FIG. 2 is a confidence level distribution and a peak fluctuation distribution graph of the algorithm of the present invention when the tracked target is occluded.
Fig. 3 is a one-pass success map of the algorithm of the present invention compared to other algorithms.
FIG. 4 is a one-pass accuracy graph of the algorithm of the present invention compared to other algorithms.
Detailed Description
The present invention will be described in further detail with reference to specific examples, but the scope of the present invention is not limited to these examples, and all changes or equivalent substitutions that do not depart from the spirit of the present invention are intended to be included within the scope of the present invention.
The target tracking method combining the high-confidence updating and SVM redetection technology specifically comprises the following steps:
step 1.1: at a given initial target frame, the center position of the tracked target is determined. The target center candidate region size is 1.5 times the original target bounding rectangle.
Step 1.2: and extracting HOG characteristics of the target center candidate region of the first frame. And multiplying the obtained characteristics by a Hanning window to obtain a target template, and calculating a Gaussian matrix diagram according to the obtained template.
Step 2, extracting the characteristics of the target search area of the new frame, and obtaining a relevant filtering response image by using a kernel relevant filtering method, wherein the peak position of the response image is possible to be the possible position of the target of the new frame;
step 2.1: extracting the characteristics of the search area (patch), then carrying out Fourier transform to obtain the characteristics of the tracked target, wherein the specific calculation expression is,
step 2.2: processing the region to be detected of the next frame to extract characteristics and carrying out Hanning window processing on the region to be detected of the next frame, wherein the specific calculation expression is,
step 2.3: calculating a response map peak location from the extracted features
Fmax=max f(z)=max(response)。
Step 3, carrying out confidence judgment on the target response obtained in the step 2, updating the filter template when the target is in a high-confidence state, and storing the extracted features and the label of the frame as reliability results into an SVM judgment set; when the target is in a low confidence state, temporarily stopping updating the filter template;
when the target tracking is accurate, the peak value of the response graph is obvious and is close to the ideal two-dimensional Gaussian distribution; when the target is lost, the response graph vibrates.
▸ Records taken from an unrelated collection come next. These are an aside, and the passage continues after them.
lemma push_Z_neg_syllable:
  "n < 0 \<Longrightarrow> st = [] \<or> hd st \<noteq> \<alpha> \<Longrightarrow>
   foldr push_letter (phi_word (gpow Z n)) st = phi_word (gpow Z n) @ st"
  unfolding phi_word_gpow by (rule push_Z_blocks) (simp add: phi_letter_Z_neg)

lemma push_Z_syllable_cancel:
  assumes "0 < n" "rest = [] \<or> hd rest \<noteq> \<delta>'"
  shows "foldr push_letter (phi_word (gpow Z n)) (\<delta>' # rest) = butlast (phi_word (gpow Z n)) @ rest"
proof -
  obtain k where "phi_word (gpow Z n) = concat (replicate k (phi_letter (Z, 0 \<le> n))) @ phi_letter (Z, 0 \<le> n)"
    by (rule phi_word_gpow_nonzero[of n Z]) (use assms(1) in simp, blast)
  then obtain C where C: "C = concat (replicate k (phi_letter (Z, True)))"
    and word: "phi_word (gpow Z n) = C @ [\<alpha>, \<alpha>, \<alpha>, \<alpha>, \<delta>, \<delta>]"
    using assms(1) by (simp add: phi_letter_Z_pos)
  have "foldr push_letter [\<alpha>, \<alpha>, \<alpha>, \<alpha>, \<delta>, \<delta>] (\<delta>' # rest) = [\<alpha>, \<alpha>, \<alpha>, \<alpha>, \<delta>] @ rest"
    using assms(2) by (simp add: push_letter_no_cancel)
  moreover have "foldr push_letter C ([\<alpha>, \<alpha>, \<alpha>, \<alpha>, \<delta>] @ rest) = C @ [\<alpha>, \<alpha>, \<alpha>, \<alpha>, \<delta>] @ rest"
    unfolding C by (rule push_Z_blocks) (simp add: phi_letter_Z_pos)
  ultimately show ?thesis
    by (simp add: word butlast_append)
qed

definition leading_word :: "zy \<times> int \<Rightarrow> ad letter list" where
  "leading_word p = (case p of
      (Y, n) \<Rightarrow> \<delta>' # gpow Alpha n
    | (Z, n) \<Rightarrow> if 0 < n then [\<alpha>, \<alpha>, \<alpha>, \<alpha>, \<delta>] else [\<delta>', \<delta>', \<alpha>', \<alpha>', \<alpha>', \<alpha>'])"

definition trailing_word :: "zy \<times> int \<Rightarrow> ad letter list" where
  "trailing_word p = (case p of
      (Y, n) \<Rightarrow> gpow Alpha n @ gpow Delta 1
    | (Z, n) \<Rightarrow> if 0 < n then gpow Alpha 4 @ gpow Delta 2 else gpow Delta (-1) @ gpow Alpha (-4))"

(* The next syllable cancels at most the top letter of the stack, and only if it is \<delta>\<inverse>. *)
definition stable_suffix :: "ad letter list \<Rightarrow> ad letter list \<Rightarrow> bool" where
  "stable_suffix s st \<longleftrightarrow> suffix s st \<and> (hd st = \<delta>' \<longrightarrow> suffix s (tl st))"

lemma stable_suffix_append:
  "stable_suffix s st \<Longrightarrow> X \<noteq> [] \<Longrightarrow> stable_suffix s (X @ st)"
  unfolding stable_suffix_def by (cases X) (auto simp: suffix_def)

lemma stable_suffix_append_cancel:
  "stable_suffix s (\<delta>' # rest) \<Longrightarrow> X \<noteq> [] \<Longrightarrow> stable_suffix s (X @ rest)"
  unfolding stable_suffix_def by (cases X) (auto simp: suffix_def)

definition reduced_image :: "(zy \<times> int) list \<Rightarrow> ad letter list" where
  "reduced_image ns = reduced_form (phi_word (syllables_word ns))"

lemma reduced_image_Nil: "reduced_image [] = []"
  by (simp add: reduced_image_def syllables_word_def phi_word_def reduced_form_def)

lemma reduced_image_Cons:
  "reduced_image (p # ns) = foldr push_letter (phi_word (gpow (fst p) (snd p))) (reduced_image ns)"
  by (cases p) (simp add: reduced_image_def syllables_word_def reduced_form_def phi_word_def)

lemma reduced_image_single:
  assumes "n \<noteq> 0"
  shows "prefix (leading_word (g, n)) (reduced_image [(g, n)])
       \<and> stable_suffix (trailing_word (g, n)) (reduced_image [(g, n)])"
proof -
  define B where "B = phi_letter (g, 0 \<le> n)"
  obtain C where word: "phi_word (gpow g n) = B @ C" "phi_word (gpow g n) = C @ B"
    unfolding B_def by (rule phi_word_gpow_nonzero[OF assms])
  consider "g = Y" | "g = Z" "0 < n" | "g = Z" "n < 0"
    using assms by (cases g) fastforce+
  then show ?thesis
  proof cases
    case 1
    then have "reduced_image [(g, n)] = \<delta>' # gpow Alpha n @ [\<delta>]"
      using assms by (simp add: reduced_image_Cons reduced_image_Nil push_Y_syllable)
    then show ?thesis
      using 1 by (simp add: leading_word_def trailing_word_def stable_suffix_def suffix_ConsI)
  next
    case 2
    then have image: "reduced_image [(g, n)] = phi_word (gpow g n)"
      and B: "B = [\<alpha>, \<alpha>, \<alpha>, \<alpha>, \<delta>, \<delta>]"
      by (simp_all add: reduced_image_Cons reduced_image_Nil push_Z_pos_syllable B_def phi_letter_Z_pos)
    have "suffix B (reduced_image [(g, n)])"
      unfolding image word(2) by (simp add: suffix_def)
    moreover have "prefix [\<alpha>, \<alpha>, \<alpha>, \<alpha>, \<delta>] (reduced_image [(g, n)])"
      and "hd (reduced_image [(g, n)]) = \<alpha>"
      unfolding image word(1) B by simp_all
    ultimately show ?thesis
      using 2 unfolding B
      by (simp add: leading_word_def trailing_word_def stable_suffix_def numeral_eq_Suc)
  next
    case 3
    then have image: "reduced_image [(g, n)] = phi_word (gpow g n)"
      and B: "B = [\<delta>', \<delta>', \<alpha>', \<alpha>', \<alpha>', \<alpha>']"
      by (simp_all add: reduced_image_Cons reduced_image_Nil push_Z_neg_syllable B_def phi_letter_Z_neg)
    have "suffix [\<delta>', \<alpha>', \<alpha>', \<alpha>', \<alpha>'] (reduced_image [(g, n)])"
      "suffix [\<delta>', \<alpha>', \<alpha>', \<alpha>', \<alpha>'] (tl (reduced_image [(g, n)]))"
      unfolding image word(2) B by (cases C; simp add: suffix_def)+
    moreover have "prefix B (reduced_image [(g, n)])"
      unfolding image word(1) by simp
    ultimately show ?thesis
      using 3 unfolding B
      by (simp add: leading_word_def trailing_word_def stable_suffix_def numeral_eq_Suc)
  qed
qed
lemma abs_square_sub_one_le:
  fixes N \<epsilon> :: real
  assumes "\<epsilon> \<le> 1" "1 - \<epsilon> < N" "N < 1 + \<epsilon>"
  shows "\<bar>N\<^sup>2 - 1\<bar> \<le> 3*\<epsilon>"
proof -
  have "N\<^sup>2 - 1 = (N - 1) * (N + 1)" by (simp add: power2_eq_square algebra_simps)
  then have "\<bar>N\<^sup>2 - 1\<bar> = \<bar>N - 1\<bar> * (N + 1)"
    using assms by (simp add: abs_mult)
  also have "\<dots> \<le> \<epsilon> * 3"
    using assms by (intro mult_mono) auto
  finally show ?thesis by simp
qed

lemma norm_vec2: "norm (x :: real^2) = sqrt ((x$1)\<^sup>2 + (x$2)\<^sup>2)"
  by (simp add: norm_eq_sqrt_inner inner_vec_def sum_2 power2_eq_square)

theorem mainTheorem3:
  fixes A B :: "real set"
  assumes "A \<in> sets lebesgue" and "emeasure lebesgue A > 0"
      and "B \<in> sets lebesgue" and "emeasure lebesgue B > 0"
  shows "\<exists>(p :: real^2) (\<epsilon>::real). \<epsilon> > 0 \<and>
           {x :: real^2. 1 - \<epsilon> < norm (x - p) \<and> norm (x - p) < 1 + \<epsilon>}
             \<subseteq> {u + v | u v. u \<in> (\<lambda>(a,b). vector [a, b]) ` (A \<times> B) \<and> v \<in> sphere 0 1}"
proof -
  define \<eta> :: real where "\<eta> = 1/64"
  obtain a0 rA where rA: "0 < rA" "\<forall>d. 0 < d \<and> d \<le> rA \<longrightarrow> measure lebesgue ({a0-d..a0+d} - A) \<le> \<eta> * (2*d)"
    using lebesgue_density_point[OF assms(1,2), of \<eta>] by (auto simp: \<eta>_def)
  obtain b0 rB where rB: "0 < rB" "\<forall>d. 0 < d \<and> d \<le> rB \<longrightarrow> measure lebesgue ({b0-d..b0+d} - B) \<le> \<eta> * (2*d)"
    using lebesgue_density_point[OF assms(3,4), of \<eta>] by (auto simp: \<eta>_def)
  define r where "r = min (min rA rB) 1"
  have r: "0 < r" "r \<le> 1" using rA(1) rB(1) by (auto simp: r_def)
  have \<rho>: "0 < r\<^sup>2" "r\<^sup>2 \<le> 1" "sqrt (r\<^sup>2) \<le> r" using r by (auto simp: power_le_one)
  have density_A: "\<forall>d. 0 < d \<and> d \<le> r \<longrightarrow> measure lebesgue ({a0-d..a0+d} - A) \<le> \<eta> * (2*d)"
    and density_B: "\<forall>d. 0 < d \<and> d \<le> r \<longrightarrow> measure lebesgue ({b0-d..b0+d} - B) \<le> \<eta> * (2*d)"
    using rA(2) rB(2) by (auto simp: r_def)
  define \<epsilon> where "\<epsilon> = r\<^sup>2 / 12"
  have \<epsilon>: "0 < \<epsilon>" "\<epsilon> \<le> 1" using \<rho> by (auto simp: \<epsilon>_def)
  have "x \<in> {u + v | u v. u \<in> (\<lambda>(a,b). vector [a, b]) ` (A \<times> B) \<and> v \<in> sphere 0 1}"
    if "1 - \<epsilon> < norm (x - vector [a0, b0])" "norm (x - vector [a0, b0]) < 1 + \<epsilon>" for x :: "real^2"
  proof -
    have "\<bar>(x$1 - a0)\<^sup>2 + (x$2 - b0)\<^sup>2 - 1\<bar> \<le> r\<^sup>2 / 4"
      using abs_square_sub_one_le[OF \<epsilon>(2) that] by (simp add: norm_vec2 \<epsilon>_def)
    then obtain a b where "a \<in> A" "b \<in> B" "(x$1 - a)\<^sup>2 + (x$2 - b)\<^sup>2 = 1"
      using unit_circle_through_product[OF assms(1,3) _ _ \<rho> density_A density_B, where x = "x$1" and y = "x$2"]
      by (auto simp: \<eta>_def)
    then show ?thesis
      by (intro CollectI exI[of _ "vector [a, b]"] exI[of _ "x - vector [a, b]"]) (auto simp: norm_vec2)
  qed
  then show ?thesis using \<epsilon>(1) by blast
qed
text \<open>Dividing the equation on the line t = 0 by the nonzero factor e^{i(ky+\<theta>(y))}
  leaves one complex identity between polynomials in \<phi>, \<theta> and their derivatives.\<close>
lemma reduced_equation:
  "complex_of_real (- c * deriv (deriv \<phi>) y)
      + \<i> * complex_of_real (deriv \<phi> y * (- \<Omega> - c * deriv \<theta> y) - c * \<phi> y * deriv (deriv \<theta>) y)
      + \<i> * complex_of_real (k + deriv \<theta> y) * (complex_of_real (- c * deriv \<phi> y)
          + \<i> * complex_of_real (\<phi> y * (- \<Omega> - c * deriv \<theta> y)))
   = complex_of_real (\<phi> y) - \<i> * complex_of_real ((\<phi> y)\<^sup>2) *
      (complex_of_real (deriv \<phi> y) + \<i> * complex_of_real (k + deriv \<theta> y) * complex_of_real (\<phi> y))"
  (is "?lhs = ?rhs")
proof -
  let ?E = "exp (\<i> * complex_of_real (k * y + \<theta> y))"
  have "?lhs * ?E = complex_of_real (\<phi> y) * ?E - \<i> * complex_of_real (\<bar>\<phi> y\<bar>\<^sup>2) *
      ((complex_of_real (deriv \<phi> y) + \<i> * complex_of_real (k + deriv \<theta> y) * complex_of_real (\<phi> y)) * ?E)"
    using pde[of y 0, unfolded cmod_u_axis, unfolded pdtx_u_axis pdx_u_axis u_axis] .
  also have "\<dots> = ?rhs * ?E"
    by (simp add: left_diff_distrib mult.assoc)
  finally show ?thesis by simp
qed

lemma amplitude_ode:
  "- c * deriv (deriv \<phi>) y - (k + deriv \<theta> y) * (\<phi> y * (- \<Omega> - c * deriv \<theta> y))
     = \<phi> y + \<phi> y ^ 3 * (k + deriv \<theta> y)"
  using arg_cong[OF reduced_equation, of Re]
  by (simp add: power2_eq_square power3_eq_cube algebra_simps)

lemma phase_ode:
  "deriv \<phi> y * (- \<Omega> - c * deriv \<theta> y) - c * \<phi> y * deriv (deriv \<theta>) y
     + (k + deriv \<theta> y) * (- c * deriv \<phi> y) = - (\<phi> y)\<^sup>2 * deriv \<phi> y"
  using arg_cong[OF reduced_equation, of Im]
  by (simp add: power2_eq_square algebra_simps)

end

section \<open>First integrals of the reduced system\<close>

text \<open>Multiplied by \<phi>, the phase equation says that the derivative of
  c\<phi>^2\<theta>' - \<phi>^4/4 + (\<Omega>+ck)\<phi>^2/2 vanishes; its constant value is called A.\<close>
lemma phase_first_integral:
  fixes k \<Omega> c :: real and \<phi> \<theta> :: "real \<Rightarrow> real"
  assumes smooth_\<phi>: "smooth_real \<phi>" and smooth_\<theta>: "smooth_real \<theta>"
    and phase_ode: "\<And>y. deriv \<phi> y * (- \<Omega> - c * deriv \<theta> y) - c * \<phi> y * deriv (deriv \<theta>) y
                        + (k + deriv \<theta> y) * (- c * deriv \<phi> y) = - (\<phi> y)\<^sup>2 * deriv \<phi> y"
  shows "\<exists>A. \<forall>y. 4 * c * \<phi> y ^ 2 * deriv \<theta> y
                    = \<phi> y ^ 4 - 2 * c * k * \<phi> y ^ 2 - 2 * \<Omega> * \<phi> y ^ 2 + 4 * A"
proof -
  define H where "H y = c * \<phi> y ^ 2 * deriv \<theta> y - \<phi> y ^ 4 / 4 + (\<Omega> + c * k) * \<phi> y ^ 2 / 2" for y
  have H_const: "(H has_real_derivative 0) (at y)" for y
  proof -
    let ?H' = "c * (2 * \<phi> y * deriv \<phi> y * deriv \<theta> y + \<phi> y ^ 2 * deriv (deriv \<theta>) y)
               - \<phi> y ^ 3 * deriv \<phi> y + (\<Omega> + c * k) * \<phi> y * deriv \<phi> y"
    have "(H has_real_derivative ?H') (at y)"
      unfolding H_def[abs_def]
      by (auto intro!: derivative_eq_intros smooth_real_has_deriv[OF smooth_\<phi>]
          smooth_real_has_deriv[OF smooth_\<theta>] smooth_real_has_deriv2[OF smooth_\<theta>]
          simp: algebra_simps power2_eq_square power3_eq_cube power4_eq_xxxx)
    moreover have "?H' = 0"
      using phase_ode[of y] by algebra
    ultimately show ?thesis by simp
  qed
  have H_y: "H y = H 0" for y
    using DERIV_isconst_all H_const by blast
  show ?thesis
  proof (intro exI allI)
    fix y
    show "4 * c * \<phi> y ^ 2 * deriv \<theta> y = \<phi> y ^ 4 - 2 * c * k * \<phi> y ^ 2 - 2 * \<Omega> * \<phi> y ^ 2 + 4 * H 0"
      using H_y[of y] unfolding H_def[of y] by (simp add: field_simps)
  qed
qed

text \<open>Once \<theta>' is expressed through \<phi>, the amplitude equation multiplied by \<phi>' is an
  exact derivative: \<phi>'^2 + (\<phi>^6 + c_3\<phi>^4 + c_2\<phi>^2 + 16A^2/\<phi>^2)/(16c^2) is constant,
  and writing that constant as 2B/c gives the potential V.\<close>
lemma amplitude_first_integral:
  fixes k \<Omega> c A :: real and \<phi> \<theta> :: "real \<Rightarrow> real"
  assumes "c \<noteq> 0" and nonzero: "\<And>y. \<phi> y \<noteq> 0" and smooth_\<phi>: "smooth_real \<phi>"
    and amplitude_ode: "\<And>y. - c * deriv (deriv \<phi>) y - (k + deriv \<theta> y) * (\<phi> y * (- \<Omega> - c * deriv \<theta> y))
                              = \<phi> y + \<phi> y ^ 3 * (k + deriv \<theta> y)"
    and phase: "\<And>y. 4 * c * \<phi> y ^ 2 * deriv \<theta> y
                      = \<phi> y ^ 4 - 2 * c * k * \<phi> y ^ 2 - 2 * \<Omega> * \<phi> y ^ 2 + 4 * A"
  shows "\<exists>B. \<forall>y. (deriv \<phi> y)\<^sup>2 = - (1 / (16 * c\<^sup>2)) *
             ((\<phi> y ^ 8 + (4 * c * k - 4 * \<Omega>) * \<phi> y ^ 6
               + 4 * (c\<^sup>2 * k\<^sup>2 + \<Omega>\<^sup>2 + 2 * A + c * (4 - 2 * k * \<Omega>)) * \<phi> y ^ 4
               + (- 32 * B * c) * \<phi> y ^ 2 + 16 * A\<^sup>2) / \<phi> y ^ 2)"
proof -
  define c3 where "c3 = 4 * c * k - 4 * \<Omega>"
  define c2 where "c2 = 4 * (c\<^sup>2 * k\<^sup>2 + \<Omega>\<^sup>2 + 2 * A + c * (4 - 2 * k * \<Omega>))"
  define K where "K y = (deriv \<phi> y)\<^sup>2
      + (\<phi> y ^ 6 + c3 * \<phi> y ^ 4 + c2 * \<phi> y ^ 2 + 16 * A\<^sup>2 / \<phi> y ^ 2) / (16 * c\<^sup>2)" for y
  have K_const: "(K has_real_derivative 0) (at y)" for y
  proof -
    let ?K' = "2 * deriv \<phi> y * deriv (deriv \<phi>) y
      + (6 * \<phi> y ^ 5 * deriv \<phi> y + 4 * c3 * \<phi> y ^ 3 * deriv \<phi> y + 2 * c2 * \<phi> y * deriv \<phi> y
         - 32 * A\<^sup>2 * deriv \<phi> y / \<phi> y ^ 3) / (16 * c\<^sup>2)"
    have "(K has_real_derivative ?K') (at y)"
      unfolding K_def[abs_def] using \<open>c \<noteq> 0\<close> nonzero[of y]
      by (auto intro!: derivative_eq_intros smooth_real_has_deriv[OF smooth_\<phi>]
          smooth_real_has_deriv2[OF smooth_\<phi>] simp: field_simps power2_eq_square power3_eq_cube)
    moreover have "?K' = 0"
    proof -
      text \<open>Cleared of denominators, this is the amplitude equation times 32c\<phi>^3\<phi>',
        with c\<theta>' eliminated by the phase relation.\<close>
      have "32 * c\<^sup>2 * \<phi> y ^ 3 * deriv \<phi> y * deriv (deriv \<phi>) y
          + (6 * \<phi> y ^ 8 * deriv \<phi> y + 4 * c3 * \<phi> y ^ 6 * deriv \<phi> y + 2 * c2 * \<phi> y ^ 4 * deriv \<phi> y
             - 32 * A\<^sup>2 * deriv \<phi> y) = 0"
        using amplitude_ode[of y] phase[of y] unfolding c2_def c3_def by algebra
      then show ?thesis
        using \<open>c \<noteq> 0\<close> nonzero[of y] by (simp add: field_simps eval_nat_numeral)
    qed
    ultimately show ?thesis by simp
  qed
  define B where "B = c * K 0 / 2"
  have K_B: "K y = 2 * B / c" for y
    unfolding B_def using DERIV_isconst_all[OF allI[OF K_const]] \<open>c \<noteq> 0\<close> by simp
  show ?thesis
  proof (intro exI allI)
    fix y
    show "(deriv \<phi> y)\<^sup>2 = - (1 / (16 * c\<^sup>2)) *
             ((\<phi> y ^ 8 + (4 * c * k - 4 * \<Omega>) * \<phi> y ^ 6
               + 4 * (c\<^sup>2 * k\<^sup>2 + \<Omega>\<^sup>2 + 2 * A + c * (4 - 2 * k * \<Omega>)) * \<phi> y ^ 4
               + (- 32 * B * c) * \<phi> y ^ 2 + 16 * A\<^sup>2) / \<phi> y ^ 2)"
      (is "_ = - (1 / (16 * c\<^sup>2)) * (?V / \<phi> y ^ 2)")
    proof -
      have "(deriv \<phi> y)\<^sup>2 = 2 * B / c
          - (\<phi> y ^ 6 + c3 * \<phi> y ^ 4 + c2 * \<phi> y ^ 2 + 16 * A\<^sup>2 / \<phi> y ^ 2) / (16 * c\<^sup>2)"
        using K_B[of y] unfolding K_def by simp
      also have "\<dots> = - (1 / (16 * c\<^sup>2)) * (?V / \<phi> y ^ 2)"
        using \<open>c \<noteq> 0\<close> nonzero[of y] unfolding c2_def c3_def
        by (simp add: field_simps eval_nat_numeral)
      finally show ?thesis .
    qed
  qed
qed

theorem mainTheorem4:
  fixes k \<Omega> c :: real and \<phi> \<theta> :: "real \<Rightarrow> real" and u :: "real \<Rightarrow> real \<Rightarrow> complex"
  assumes "c \<noteq> 0"
    and "smooth_real \<phi>" and "smooth_real \<theta>"
    and "\<And>y. \<phi> y \<noteq> 0"
    and u_def: "\<And>x t. u x t = complex_of_real (\<phi> (x - c * t)) *
                   exp (\<i> * complex_of_real (k * x - \<Omega> * t + \<theta> (x - c * t)))"
    and eq: "\<And>x t. pdtx u x t = u x t - \<i> * complex_of_real ((cmod (u x t))\<^sup>2) * pdx u x t"
  shows "\<exists>A B :: real. \<forall>y.
           deriv \<theta> y = (\<phi> y ^ 4 - 2 * c * k * \<phi> y ^ 2 - 2 * \<Omega> * \<phi> y ^ 2 + 4 * A) / (4 * c * \<phi> y ^ 2)
         \<and> (deriv \<phi> y)\<^sup>2 = - (1 / (16 * c\<^sup>2)) *
             ((\<phi> y ^ 8 + (4 * c * k - 4 * \<Omega>) * \<phi> y ^ 6
               + 4 * (c\<^sup>2 * k\<^sup>2 + \<Omega>\<^sup>2 + 2 * A + c * (4 - 2 * k * \<Omega>)) * \<phi> y ^ 4
               + (- 32 * B * c) * \<phi> y ^ 2 + 16 * A\<^sup>2) / \<phi> y ^ 2)"
proof -
  interpret travelling_wave_solution k \<Omega> c \<phi> \<theta> u
    by unfold_locales (use assms in auto)
  obtain A where phase: "\<And>y. 4 * c * \<phi> y ^ 2 * deriv \<theta> y
                      = \<phi> y ^ 4 - 2 * c * k * \<phi> y ^ 2 - 2 * \<Omega> * \<phi> y ^ 2 + 4 * A"
    using phase_first_integral[OF smooth_\<phi> smooth_\<theta> phase_ode] by blast
  have theta_formula: "deriv \<theta> y = (\<phi> y ^ 4 - 2 * c * k * \<phi> y ^ 2 - 2 * \<Omega> * \<phi> y ^ 2 + 4 * A)
                                    / (4 * c * \<phi> y ^ 2)" for y
    using phase[of y] \<open>c \<noteq> 0\<close> \<open>\<phi> y \<noteq> 0\<close> by (simp add: field_simps)
  show ?thesis
    using theta_formula amplitude_first_integral[OF \<open>c \<noteq> 0\<close> assms(4) smooth_\<phi> amplitude_ode phase]
    by blast
qed

end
Therefore, the target tracking reliability is judged according to the peak value and the oscillation condition of the target tracking response diagram. The concrete calculation formula of response diagram oscillation judgment is as follows:
in the formula: fmaxAnd FminThe maximum and minimum values of the target response, respectively. Fw,hThe values targeted at row and column of the response matrix w.
Only when the target tracking confidence index FmaxAnd EAPCEWhen the historical mean value exceeds the current frame by a certain proportion, the current frame can be determined to have high confidence level, and the specific calculation formula is as follows:
wherein the α template updates the confidence parameter.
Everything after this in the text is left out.